CEFI is the first approach to enforce integrity of command execution on embedded devices after deployment, even against attacks that violate neither static control flow nor static data flow, even though such vulnerabilities are common on embedded devices [35]. The only other work that can identify such vulnerabilities, Gerbil [30], uses symbolic execution to find them in the testing phase, but cannot prevent exploitation of residual vulnerabilities after deployment. CEFI ’s very low overhead makes it particularly suitable for this purpose, especially on resource-constrained embedded devices.

Other existing work focuses mostly on detecting violations of control flow and data flow. In this section, we first focus on work that enables detection of such vulnerabilities on resource-constrained embedded devices. Since context-sensitivity is critical to CEFI ’s ability to detect privilege separation vulnerabilities, we also discuss works that introduce context sensitivity to runtime detection of violations.

6.1 Control and Data Flow Integrity on Embedded Systems

Since embedded devices are resource-constrained, solutions to enforce control-flow integrity (CFI) and data-flow integrity (DFI) are only viable if they are very lightweight. For example, \(\mu \)RAI [2] uses LLVM compiler passes to enforce return address integrity by removing the need to spill return addresses to the stack. Silhouette [34] leverages an incorruptible shadow stack for hardening backward indirect jump and uses a label instruction for protecting forward indirect jump.
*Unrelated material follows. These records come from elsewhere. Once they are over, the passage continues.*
lemma tricomi_half_recurrence:
  "tricomi_half a p = p * tricomi_half (a + 1/2) p + (a + 1/2) * tricomi_half (a + 1) p"
proof -
  have sums: "(\<lambda>k. tricomi_coeff b k * p ^ k) sums tricomi_half b p" for b
    unfolding tricomi_half_def by (rule summable_sums[OF summable_tricomi_coeff])
  have tail: "(\<lambda>n. tricomi_coeff b (Suc n) * p ^ Suc n) sums (tricomi_half b p - tricomi_coeff b 0)" for b
    using sums[of b] by (subst sums_Suc_iff) simp
  have "(\<lambda>n. p * (tricomi_coeff (a + 1/2) n * p ^ n) + (a + 1/2) * (tricomi_coeff (a + 1) (Suc n) * p ^ Suc n))
      sums (p * tricomi_half (a + 1/2) p + (a + 1/2) * (tricomi_half (a + 1) p - tricomi_coeff (a + 1) 0))"
    by (intro sums_add sums_mult sums tail)
  moreover have "(\<lambda>n. p * (tricomi_coeff (a + 1/2) n * p ^ n) + (a + 1/2) * (tricomi_coeff (a + 1) (Suc n) * p ^ Suc n))
      = (\<lambda>n. tricomi_coeff a (Suc n) * p ^ Suc n)"
    by (rule ext) (subst tricomi_coeff_recurrence, simp add: algebra_simps)
  ultimately have "tricomi_half a p - tricomi_coeff a 0
      = p * tricomi_half (a + 1/2) p + (a + 1/2) * (tricomi_half (a + 1) p - tricomi_coeff (a + 1) 0)"
    using tail[of a] sums_unique2 by metis
  moreover have "tricomi_coeff a 0 = (a + 1/2) * tricomi_coeff (a + 1) 0"
  proof -
    have "rGamma (a + 1/2) = (a + 1/2) * rGamma (a + 3/2)"
      using rGamma_plus1[of "a + 1/2", symmetric] by (simp add: add.assoc)
    then show ?thesis by (simp add: algebra_simps)
  qed
  ultimately show ?thesis by (simp add: algebra_simps del: tricomi_coeff.simps)
qed

lemma rGamma_real_pos: "x > 0 \<Longrightarrow> rGamma (x :: real) > 0"
  using Gamma_real_pos[of x] by (simp add: rGamma_inverse_Gamma)

lemma tricomi_coeff_Gamma:
  assumes a: "a > 0"
  shows "tricomi_coeff a k
    = sqrt pi * rGamma a * rGamma (a + 1/2) * ((-2) ^ k / fact k * Gamma (a + real k / 2))"
proof (induction k rule: induct_nat_012)
  case 0
  have "Gamma a \<noteq> 0" using Gamma_real_pos[OF a] by simp
  then show ?case by (simp add: rGamma_inverse_Gamma)
next
  case 1
  have "a + 1/2 > 0" using a by simp
  from Gamma_real_pos[OF this] have "Gamma (a + 1/2) \<noteq> 0" by simp
  then show ?case by (simp add: rGamma_inverse_Gamma algebra_simps)
next
  case (ge2 n)
  have "a + real n / 2 \<notin> \<int>\<^sub>\<le>\<^sub>0"
    using a by (auto elim!: nonpos_Ints_cases)
  moreover have "a + real (Suc (Suc n)) / 2 = (a + real n / 2) + 1" by (simp add: field_simps)
  ultimately have Gamma: "Gamma (a + real (Suc (Suc n)) / 2) = (a + real n / 2) * Gamma (a + real n / 2)"
    by (metis Gamma_plus1)
  have "real n + 1 \<noteq> 0" "real n + 2 \<noteq> 0" by linarith+
  then show ?case unfolding tricomi_coeff.simps ge2(1) Gamma fact_Suc power_Suc
    by (simp add: divide_simps, (simp add: algebra_simps)?)
qed

definition Gamma_integrand :: "real \<Rightarrow> real \<Rightarrow> real" where
  "Gamma_integrand s t = indicator {0..} t * t powr (s - 1) / exp t"

lemma Gamma_integrand_nonneg: "Gamma_integrand s t \<ge> 0"
  unfolding Gamma_integrand_def by (auto simp: indicator_def)

lemma Gamma_integrand_measurable [measurable]: "Gamma_integrand s \<in> borel_measurable borel"
  unfolding Gamma_integrand_def by measurable

lemma
  assumes "s > 0"
  shows integrable_Gamma_integrand: "integrable lborel (Gamma_integrand s)"
    and integral_Gamma_integrand: "integral\<^sup>L lborel (Gamma_integrand s) = Gamma s"
proof -
  have "(\<integral>\<^sup>+t. ennreal (Gamma_integrand s t) \<partial>lborel) = ennreal (Gamma s)"
    using Gamma_conv_nn_integral_real[OF assms] by (simp add: Gamma_integrand_def)
  hence "integrable lborel (Gamma_integrand s) \<and> integral\<^sup>L lborel (Gamma_integrand s) = Gamma s"
    by (subst (asm) nn_integral_eq_integrable)
       (auto simp: Gamma_integrand_nonneg less_imp_le[OF Gamma_real_pos[OF assms]])
  thus "integrable lborel (Gamma_integrand s)" "integral\<^sup>L lborel (Gamma_integrand s) = Gamma s"
    by auto
qed

lemma Gamma_integrand_add_half:
  "Gamma_integrand (a + real k / 2) t = Gamma_integrand a t * sqrt t ^ k"
proof (cases "t > 0")
  case True
  have "t powr (a + real k / 2 - 1) = t powr (a - 1) * (t powr (1/2)) powr real k"
    by (simp add: powr_add[symmetric] powr_powr algebra_simps)
  also have "(t powr (1/2)) powr real k = sqrt t ^ k"
    using True by (simp add: powr_half_sqrt powr_realpow)
  finally show ?thesis unfolding Gamma_integrand_def by simp
next
  case False
  then show ?thesis unfolding Gamma_integrand_def by (cases "t = 0") (auto simp: indicator_def)
qed

lemma Gamma_integrand_exp_series:
  "(\<lambda>k. (-2 * p) ^ k / fact k * Gamma_integrand (a + real k / 2) t)
     sums (Gamma_integrand a t * exp (-2 * p * sqrt t))"
  "summable (\<lambda>k. norm ((-2 * p) ^ k / fact k * Gamma_integrand (a + real k / 2) t))"
proof -
  have term_eq: "(-2 * p) ^ k / fact k * Gamma_integrand (a + real k / 2) t
      = Gamma_integrand a t * ((-2 * p * sqrt t) ^ k / fact k)" for k
    unfolding Gamma_integrand_add_half power_mult_distrib by simp
  show "(\<lambda>k. (-2 * p) ^ k / fact k * Gamma_integrand (a + real k / 2) t)
      sums (Gamma_integrand a t * exp (-2 * p * sqrt t))"
    unfolding term_eq
    using exp_converges[of "-2 * p * sqrt t"] by (intro sums_mult) (simp add: field_simps)
  have "summable (\<lambda>k. \<bar>-2 * p * sqrt t\<bar> ^ k / fact k)"
    using summable_exp[of "\<bar>-2 * p * sqrt t\<bar>"] by (simp add: divide_inverse_commute)
  hence "summable (\<lambda>k. Gamma_integrand a t * (\<bar>-2 * p * sqrt t\<bar> ^ k / fact k))"
    by (rule summable_mult)
  then show "summable (\<lambda>k. norm ((-2 * p) ^ k / fact k * Gamma_integrand (a + real k / 2) t))"
    unfolding term_eq by (simp add: abs_mult Gamma_integrand_nonneg power_abs)
qed

text \<open>Since \<open>\<Gamma>(a + k/2)\<close> is the integral of the \<open>\<Gamma>(a)\<close>-integrand times \<open>\<surd>t\<^sup>k\<close>, summing the
  Taylor series of \<open>w\<^sub>a\<close> under the integral turns it into the exponential series of \<open>-2 p \<surd>t\<close>.\<close>
lemma tricomi_half_integral:
  assumes a: "a > 0"
  defines "K \<equiv> sqrt pi * rGamma a * rGamma (a + 1/2)"
  shows "integrable lborel (\<lambda>t. Gamma_integrand a t * exp (-2 * p * sqrt t))"
    and "tricomi_half a p = K * (\<integral>t. Gamma_integrand a t * exp (-2 * p * sqrt t) \<partial>lborel)"
proof -
  define f where "f k t = (-2 * p) ^ k / fact k * Gamma_integrand (a + real k / 2) t" for k t
  have ak: "a + real k / 2 > 0" for k using a by (simp add: add_pos_nonneg)
  have K: "K > 0" unfolding K_def using a by (simp add: rGamma_real_pos)
  have int: "integrable lborel (f k)" for k
    unfolding f_def by (intro integrable_mult_right integrable_Gamma_integrand[OF ak])
  have integral_f: "integral\<^sup>L lborel (f k) = (-2 * p) ^ k / fact k * Gamma (a + real k / 2)" for k
    unfolding f_def using integral_Gamma_integrand[OF ak] by simp
  have coeff_eq: "tricomi_coeff a k * p ^ k = K * integral\<^sup>L lborel (f k)" for k
    unfolding integral_f tricomi_coeff_Gamma[OF a] K_def power_mult_distrib by simp
  have "(\<integral>t. norm (f k t) \<partial>lborel) = \<bar>integral\<^sup>L lborel (f k)\<bar>" for k
    unfolding integral_f using Gamma_real_pos[OF ak[of k]]
    by (simp add: f_def abs_mult Gamma_integrand_nonneg integral_Gamma_integrand[OF ak])
  hence summable_int: "summable (\<lambda>k. \<integral>t. norm (f k t) \<partial>lborel)"
    using summable_divide[OF summable_abs_tricomi_coeff, of a p K] K by (simp add: coeff_eq abs_mult)
  note summable_t = Gamma_integrand_exp_series(2)[of p a, folded f_def]
  have "integrable lborel (\<lambda>t. \<Sum>k. f k t)"
    by (rule integrable_suminf[OF int]) (use summable_t summable_int in auto)
  moreover have integral: "(\<integral>t. (\<Sum>k. f k t) \<partial>lborel) = (\<Sum>k. integral\<^sup>L lborel (f k))"
    by (rule integral_suminf[OF int]) (use summable_t summable_int in auto)
  moreover have series: "(\<lambda>t. \<Sum>k. f k t) = (\<lambda>t. Gamma_integrand a t * exp (-2 * p * sqrt t))"
    using Gamma_integrand_exp_series(1)[of p a, folded f_def] by (auto intro!: ext sums_unique[symmetric])
  ultimately show "integrable lborel (\<lambda>t. Gamma_integrand a t * exp (-2 * p * sqrt t))" by simp
  have "summable (\<lambda>k. integral\<^sup>L lborel (f k))"
    using summable_divide[OF summable_tricomi_coeff, of a p K] K by (simp add: coeff_eq)
  then show "tricomi_half a p = K * (\<integral>t. Gamma_integrand a t * exp (-2 * p * sqrt t) \<partial>lborel)"
    unfolding integral[unfolded series] tricomi_half_def coeff_eq by (rule suminf_mult)
qed
lemma pow_prime_power_leaves_set:
  fixes p :: nat
  assumes g: "g \<in> carrier G" "g \<notin> H" and gH: "g [^] (p ^ a) \<in> H"
  shows "\<exists>j. g [^] (p ^ j) \<notin> H \<and> (g [^] (p ^ j)) [^] p \<in> H"
proof -
  have "g [^] (p ^ 0) \<notin> H"
    using g by simp
  then obtain j where "g [^] (p ^ j) \<notin> H" "g [^] (p ^ Suc j) \<in> H"
    using ex_least_nat_less[of "\<lambda>j. g [^] (p ^ j) \<in> H" a] gH by blast
  moreover have "g [^] (p ^ Suc j) = (g [^] (p ^ j)) [^] p"
    using g by (simp add: nat_pow_pow mult.commute)
  ultimately show ?thesis
    by auto
qed

lemma conjugation_group_hom:
  assumes g: "g \<in> carrier G"
  shows "group_hom G G (\<lambda>a. g \<otimes> a \<otimes> inv g)"
proof -
  have "g \<otimes> (a \<otimes> b) \<otimes> inv g = (g \<otimes> a \<otimes> inv g) \<otimes> (g \<otimes> b \<otimes> inv g)"
    if "a \<in> carrier G" "b \<in> carrier G" for a b
    using that g by (simp add: m_assoc)
  then have "(\<lambda>a. g \<otimes> a \<otimes> inv g) \<in> hom G G"
    using g by (intro homI) auto
  then show ?thesis
    by (simp add: group_hom_def group_hom_axioms_def is_group)
qed

lemma conj_nat_pow:
  assumes "g \<in> carrier G" "a \<in> carrier G"
  shows "g \<otimes> a [^] (n::nat) \<otimes> inv g = (g \<otimes> a \<otimes> inv g) [^] n"
  using group_hom.hom_nat_pow[OF conjugation_group_hom[OF assms(1)] assms(2)] by simp

lemma conj_int_pow:
  assumes "g \<in> carrier G" "a \<in> carrier G"
  shows "g \<otimes> a [^] (n::int) \<otimes> inv g = (g \<otimes> a \<otimes> inv g) [^] n"
  using group_hom.hom_int_pow[OF conjugation_group_hom[OF assms(1)] assms(2)] by simp

lemma conj_pow_eq_pow_pow:
  fixes r :: nat
  assumes h: "h \<in> carrier G" and x: "x \<in> carrier G" and r: "h \<otimes> x \<otimes> inv h = x [^] r"
  shows "h [^] n \<otimes> x \<otimes> inv (h [^] n) = x [^] (r ^ n)"
proof (induction n)
  case 0
  then show ?case
    using x by simp
next
  case (Suc n)
  have "h [^] Suc n \<otimes> x \<otimes> inv (h [^] Suc n) = h \<otimes> (h [^] n \<otimes> x \<otimes> inv (h [^] n)) \<otimes> inv h"
    using h x by (simp only: nat_pow_Suc2[OF h]) (simp add: inv_mult_group m_assoc)
  also have "\<dots> = (h \<otimes> x \<otimes> inv h) [^] (r ^ n)"
    using Suc.IH conj_nat_pow[OF h x] by simp
  also have "\<dots> = x [^] (r ^ Suc n)"
    using r x by (simp add: nat_pow_pow)
  finally show ?case .
qed

lemma mult_pow_eq_pow_sum:
  fixes r :: nat
  assumes h: "h \<in> carrier G" and x: "x \<in> carrier G" and r: "h \<otimes> x \<otimes> inv h = x [^] r"
  shows "(x \<otimes> h) [^] n = x [^] (\<Sum>i<n. r ^ i) \<otimes> h [^] n"
proof (induction n)
  case 0
  then show ?case
    by simp
next
  case (Suc n)
  let ?s = "\<Sum>i<n. r ^ i"
  have "(x \<otimes> h) [^] Suc n = x \<otimes> (h \<otimes> x [^] ?s \<otimes> inv h) \<otimes> (h \<otimes> h [^] n)"
    using Suc.IH h x by (simp only: nat_pow_Suc2[OF m_closed[OF x h]]) (simp add: m_assoc)
  also have "\<dots> = x \<otimes> x [^] (r * ?s) \<otimes> (h \<otimes> h [^] n)"
    using conj_nat_pow[OF h x] r x h by (simp add: nat_pow_pow)
  also have "x \<otimes> x [^] (r * ?s) = x [^] (1 + r * ?s)"
    using x nat_pow_mult[of x 1 "r * ?s"] by simp
  also have "1 + r * ?s = (\<Sum>i<Suc n. r ^ i)"
    unfolding sum.lessThan_Suc_shift by (simp add: sum_distrib_left)
  also have "h \<otimes> h [^] n = h [^] Suc n"
    by (rule nat_pow_Suc2[OF h, symmetric])
  finally show ?case .
qed

end

section \<open>Cyclic subgroups and the enhanced power graph\<close>

context group
begin

lemma subgroup_of_cyclic_is_cyclic:
  assumes fin: "finite (carrier G)" and x: "x \<in> carrier G"
    and H: "subgroup H G" and sub: "H \<subseteq> generate G {x}"
  shows "\<exists>g \<in> carrier G. H = generate G {g}"
proof -
  have genx: "generate G {x} = {x [^] k | k. k \<in> (UNIV :: nat set)}"
    using generate_pow_on_finite_carrier[OF fin x] .
  define d where "d = (LEAST n::nat. 0 < n \<and> x [^] n \<in> H)"
  have "0 < ord x \<and> x [^] ord x \<in> H"
    using ord_ge_1[OF fin x] subgroup.one_closed[OF H] x by simp
  then have d: "0 < d \<and> x [^] d \<in> H"
    unfolding d_def by (rule LeastI)
  have d_least: "\<not> (0 < m \<and> x [^] m \<in> H)" if "m < d" for m
    using that not_less_Least unfolding d_def by blast
  have xd: "x [^] d \<in> carrier G"
    using x by simp
  show ?thesis
  proof (intro bexI[OF _ xd] equalityI)
    show "generate G {x [^] d} \<subseteq> H"
      using generate_subgroup_incl[of "{x [^] d}" H] d H by simp
    show "H \<subseteq> generate G {x [^] d}"
    proof
      fix h assume h: "h \<in> H"
      then obtain n where n: "h = x [^] (n::nat)"
        using sub genx by auto
      have split: "x [^] n = (x [^] d) [^] (n div d) \<otimes> x [^] (n mod d)"
        using x by (simp add: nat_pow_pow nat_pow_mult)
      have "(x [^] d) [^] (n div d) \<in> H"
        using d H by (simp add: subgroup_nat_pow_closed)
      then have "inv ((x [^] d) [^] (n div d)) \<otimes> x [^] n \<in> H"
        using h n H by (simp add: subgroup.m_closed subgroup.m_inv_closed)
      then have "x [^] (n mod d) \<in> H"
        using split x by (simp add: m_assoc[symmetric])
      then have "n mod d = 0"
        using d_least[of "n mod d"] d by auto
      then have "h = (x [^] d) [^] (n div d)"
        using n split x by simp
      then show "h \<in> generate G {x [^] d}"
        using generate_pow_on_finite_carrier[OF fin xd] by auto
    qed
  qed
qed

lemma cyclic_subgroup_generated_iff:
  assumes fin: "finite (carrier G)" and A: "A \<subseteq> carrier G"
  shows "cyclic_group (subgroup_generated G A) \<longleftrightarrow> (\<exists>g \<in> carrier G. A \<subseteq> generate G {g})"
proof -
  let ?S = "subgroup_generated G A"
  have carrier_S: "carrier ?S = generate G A"
    using A by (simp add: carrier_subgroup_generated Int_absorb1)
  have S_eq: "carrier ?S = range (\<lambda>n::int. g [^]\<^bsub>?S\<^esub> n) \<longleftrightarrow> generate G A = generate G {g}"
    if g: "g \<in> carrier ?S" for g
  proof -
    have "g \<in> carrier G"
      using g carrier_S generate_in_carrier[OF A] by blast
    then show ?thesis
      using carrier_S int_pow_subgroup_generated[OF g] generate_singleton_eq_range by simp
  qed
  show ?thesis
  proof
    assume "cyclic_group ?S"
    then obtain g where g: "g \<in> carrier ?S" "carrier ?S = range (\<lambda>n::int. g [^]\<^bsub>?S\<^esub> n)"
      using group.cyclic_group[OF group_subgroup_generated] by blast
    then have "A \<subseteq> generate G {g}"
      using S_eq generate.incl[of _ A G] by blast
    moreover have "g \<in> carrier G"
      using g(1) carrier_S generate_in_carrier[OF A] by blast
    ultimately show "\<exists>g \<in> carrier G. A \<subseteq> generate G {g}"
      by blast
  next
    assume "\<exists>g \<in> carrier G. A \<subseteq> generate G {g}"
    then obtain g where g: "g \<in> carrier G" "A \<subseteq> generate G {g}"
      by blast
    have "generate G A \<subseteq> generate G {g}"
      using g generate_subgroup_incl generate_is_subgroup by auto
    then obtain h where h: "h \<in> carrier G" "generate G A = generate G {h}"
      using subgroup_of_cyclic_is_cyclic[OF fin g(1) generate_is_subgroup[OF A]] by blast
    have "h \<in> carrier ?S"
      using carrier_S h(2) generate.incl by fastforce
    then show "cyclic_group ?S"
      using S_eq h(2) group.cyclic_group[OF group_subgroup_generated] by blast
  qed
qed

lemma enh_nbhd_iff:
  assumes fin: "finite (carrier G)" and a: "a \<in> carrier G"
  shows "b \<in> enh_nbhd G a \<longleftrightarrow>
           b \<in> carrier G \<and> (\<exists>g \<in> carrier G. a \<in> generate G {g} \<and> b \<in> generate G {g})"
  unfolding enh_nbhd_def using cyclic_subgroup_generated_iff[OF fin, of "{a, b}"] a by auto

lemma enh_nbhd_subset_carrier: "enh_nbhd G a \<subseteq> carrier G"
  unfolding enh_nbhd_def by auto

lemma generate_subset_enh_nbhd:
  assumes fin: "finite (carrier G)" and a: "a \<in> carrier G"
  shows "generate G {a} \<subseteq> enh_nbhd G a"
  using enh_nbhd_iff[OF fin a] a generate.incl[of a "{a}" G] generate_in_carrier[of "{a}"] by blast

lemma card_enh_nbhd_le_n_G:
  assumes "finite (carrier G)" "a \<in> carrier G" "a \<noteq> \<one>"
  shows "card (enh_nbhd G a) \<le> n_G G"
  unfolding n_G_def using assms by (intro Max_ge) auto

lemma n_G_le:
  assumes fin: "finite (carrier G)" and nontrivial: "carrier G \<noteq> {\<one>}"
    and bound: "\<And>a. a \<in> carrier G \<Longrightarrow> a \<noteq> \<one> \<Longrightarrow> card (enh_nbhd G a) \<le> B"
  shows "n_G G \<le> B"
proof -
  have "carrier G - {\<one>} \<noteq> {}"
    using nontrivial by blast
  then show ?thesis
    unfolding n_G_def using fin bound by (subst Max_le_iff) auto
qed

end

section \<open>The exponent\<close>

context group
begin

lemma ord_dvd_group_exp: "a \<in> carrier G \<Longrightarrow> ord a dvd group_exp G"
  unfolding group_exp_def by (rule dvd_Lcm) simp

lemma group_exp_pos:
  assumes fin: "finite (carrier G)"
  shows "0 < group_exp G"
proof -
  have "0 \<notin> ord ` carrier G"
    using ord_ge_1[OF fin] by fastforce
  moreover have "finite (ord ` carrier G)"
    using fin by simp
  ultimately show ?thesis
    unfolding group_exp_def by (intro gr0I) (simp add: Lcm_0_iff)
qed

lemma group_exp_eq_one_imp_trivial:
  assumes "group_exp G = 1"
  shows "carrier G = {\<one>}"
  using ord_dvd_group_exp assms ord_eq_1 by auto

lemma p_group_ord:
  assumes p: "Factorial_Ring.prime p" and card: "card (carrier G) = p ^ k" and a: "a \<in> carrier G"
  shows "\<exists>j. ord a = p ^ j"
  using ord_dvd_group_order[OF a] card divides_primepow_nat[OF p] by (auto simp: order_def)
(* Let $X$ be a real Banach space, $\tau$ the norm or weak topology, and $Y$ a (closed linear) subspace of $X$ such that $(X,Y,\mathcal{F}(X))$ has $\tau$-$\mathscr{F}_{cwm}$-SACP. Then for every $N\in\mathbb{N}$ and every $f:[0,\infty)^N\to[0,\infty)$ in $\mathscr{F}_{cwm}$, the set-valued map $\mathrm{Cent}_Y^f:(\mathcal{F}_N(X),d)\to\mathcal{CB}(Y)$ is metric-$\tau$ upper semicontinuous, i.e., for every $F\in\mathcal{F}_N(X)$ and every $\tau$-open set $W\supseteq\mathrm{Cent}_Y^f(F)$ there is a $d$-open set $U\ni F$ with $\mathrm{Cent}_Y^f(G)\subseteq W$ for all $G\in U$.
   Context: $\mathcal{F}(X)$ is the family of nonempty finite subsets of $X$; $\mathcal{F}_N(X)$ the subsets of cardinality $N$, each written with a fixed enumeration $\{x_1,\dots,x_N\}$, with metric $d(F_1,F_2)=\max_i\|x_i-x_i'\|$. $\mathcal{CB}(Y)$ denotes the closed bounded subsets of $Y$. $\mathscr{F}_{cwm}$ is the class of convex functions $f:[0,\infty)^N\to[0,\infty)$ ($N\in\mathbb{N}$) that are monotone ($a\le b$ coordinatewise implies $f(a)\le f(b)$) and weakly strictly monotone ($a_i<b_i$ for all $i$ implies $f(a)<f(b)$). For $F=\{x_1,\dots,x_N\}$: $r_f(y,F)=f(\|y-x_1\|,\dots,\|y-x_N\|)$, $\mathrm{rad}_Y^f(F)=\inf_{y\in Y}r_f(y,F)$, $\mathrm{Cent}_Y^f(F)=\{y\in Y:r_f(y,F)=\mathrm{rad}_Y^f(F)\}$. $(X,Y,\mathcal{F}(X))$ has $\tau$-$\mathscr{F}_{cwm}$-SACP if for every $F\in\mathcal{F}(X)$, every $f\in\mathscr{F}_{cwm}$ on $[0,\infty)^{card(F)}$ and every sequence $(y_n)\subseteq Y$ with $r_f(y_n,F)\to\mathrm{rad}_Y^f(F)$, $(y_n)$ has a $\tau$-convergent subsequence. *)

theory Defs
  imports "HOL-Analysis.Analysis"
begin
lemma eag_potential_step_inequality:
  fixes G Gh Gp u v :: "'a::real_inner" and n \<alpha> :: real
  assumes n: "2 \<le> n" and \<alpha>: "0 < \<alpha>"
    and v: "v = u - (1 / n) *\<^sub>R u - \<alpha> *\<^sub>R Gh"
    and mono: "0 \<le> (Gp - G) \<bullet> (v - u)"
    and lip: "norm (Gp - Gh) \<le> norm (G - Gh) / 8"
  shows "\<alpha> * (n * (n + 1) / 2 - (n - 1) / 4) * (norm Gp)^2 + n * (Gp \<bullet> v)
       \<le> \<alpha> * ((n - 1) * n / 2 - (n - 2) / 4) * (norm G)^2 + (n - 1) * (G \<bullet> u)"
proof -
  have n_v: "n * (Gp \<bullet> v) = (n - 1) * (Gp \<bullet> u) - n * \<alpha> * (Gh \<bullet> Gp)"
    using n unfolding v by (simp add: inner_diff_right inner_add_right inner_commute field_simps)
  define mono_slack where "mono_slack = G \<bullet> u - Gp \<bullet> u - n * \<alpha> * (Gh \<bullet> Gp) + n * \<alpha> * (G \<bullet> Gh)"
  define lip_slack where
    "lip_slack = (G \<bullet> G - 2 * (G \<bullet> Gh) + Gh \<bullet> Gh) / 64 - (Gp \<bullet> Gp - 2 * (Gh \<bullet> Gp) + Gh \<bullet> Gh)"
  define Q where "Q = (15/32 * n^2 - 3/4 * n + 1/2) * (G \<bullet> G) + (63/32 * n^2) * (Gh \<bullet> Gh)
              + (3/2 * n^2 - n/4 - 1/4) * (Gp \<bullet> Gp) + (n - 15/16 * n^2) * (G \<bullet> Gh) - 3 * n^2 * (Gh \<bullet> Gp)"
  have "0 \<le> n * ((Gp - G) \<bullet> (v - u))" using n mono by simp
  also have "\<dots> = mono_slack"
    using n unfolding v mono_slack_def
    by (simp add: inner_diff_left inner_diff_right inner_commute algebra_simps)
  finally have "0 \<le> mono_slack" .
  have "(norm (Gp - Gh))^2 \<le> (norm (G - Gh) / 8)^2" using lip by (simp add: power_mono)
  then have "0 \<le> lip_slack"
    unfolding lip_slack_def power2_norm_eq_inner power_divide
    by (simp add: inner_diff_left inner_diff_right inner_commute)
  have "0 \<le> Q"
    unfolding Q_def by (rule eag_quadratic_form_nonneg[OF n])
  have "\<alpha> * ((n - 1) * n / 2 - (n - 2) / 4) * (G \<bullet> G) + (n - 1) * (G \<bullet> u)
        - (\<alpha> * (n * (n + 1) / 2 - (n - 1) / 4) * (Gp \<bullet> Gp) + n * (Gp \<bullet> v))
      = (n - 1) * mono_slack + 2 * n^2 * \<alpha> * lip_slack + \<alpha> * Q"
    unfolding n_v mono_slack_def lip_slack_def Q_def
    by (simp add: algebra_simps power2_eq_square divide_simps)
  moreover have "0 \<le> (n - 1) * mono_slack + 2 * n^2 * \<alpha> * lip_slack + \<alpha> * Q"
    using n \<alpha> \<open>0 \<le> mono_slack\<close> \<open>0 \<le> lip_slack\<close> \<open>0 \<le> Q\<close> by simp
  ultimately show ?thesis unfolding power2_norm_eq_inner by linarith
qed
CFI CaRE [20] leverages TrustZone to implement a shadow stack mechanism. DFI is used to protect the integrity of memory access (e.g., maintaining and checking bounds information for each memory read or write). DFI requires much more instrumentation than CFI, because it needs to perform checks at memory access points rather than just at indirect branches. As such, there are fewer solutions for DFI than for CFI for embedded systems, as pointed out in a recent survey [17]. One notable work is OAT [24], selectively protects critical data on embedded programs. Therefore, it reduces performance overhead by instrumenting critical variable access, but sacrifices protection. However, this solution does not affect the protection provided by CEFI. Existing work cannot prevent exploitation of privilege separation vulnerabilities without violating control and data flow properties.

6.2 Context Sensitive Defense Solutions

Context sensitivity allows defenses to be more restrictive than traditional CFI and DFI solutions can be, by considering not just static properties of the control and data flow graphs, but also the actual control flow path taken at runtime. Calling context is widely used in context-sensitive defenses [9, 18, 19, 27,28,29]. For example, PathArmor [27] conducts context-sensitive static analysis over the CFG on-demand, and provides context-insensitive CFI policies. However, PathArmor [27] does not protect against privilege separation vulnerabilities. Henry et al. [9] and David et al. [28] use the call stack and calling context for anomaly detection and system call trace consistency, but these methods are expensive [5]. Qiang et al. [33] propose HeapTherapy for lightweight trace collection and exploit detection, which aims to mitigate traditional heap buffer overflows. We use calling context encoding to defend against privilege separation vulnerabilities and logic bugs without control flow violations in resource-constrained embedded systems.

7 Conclusion

With the development of the Internet of Things (IoT), the application scenarios of embedded devices are becoming broader and more complicated. As a result, there are interactions between the various entities (i.e., cloud, the IoT device, mobile app). This causes the rise of a new type of vulnerability, privilege separation vulnerabilities, that can be exploited to launch attacks (e.g., device hijacking attacks) without control flow anomalies. Therefore, we propose CEFI- Command Execution Flow Integrity, to protect embedded devices against such attacks. Finally, we apply CEFI on five real-world programs. The evaluation shows that CEFI can effectively prevent this type of attack, with negligible runtime overhead of 0.18% and negligible memory overhead of 0.19%. In future work, we plan to evaluate CEFI on larger IoT systems.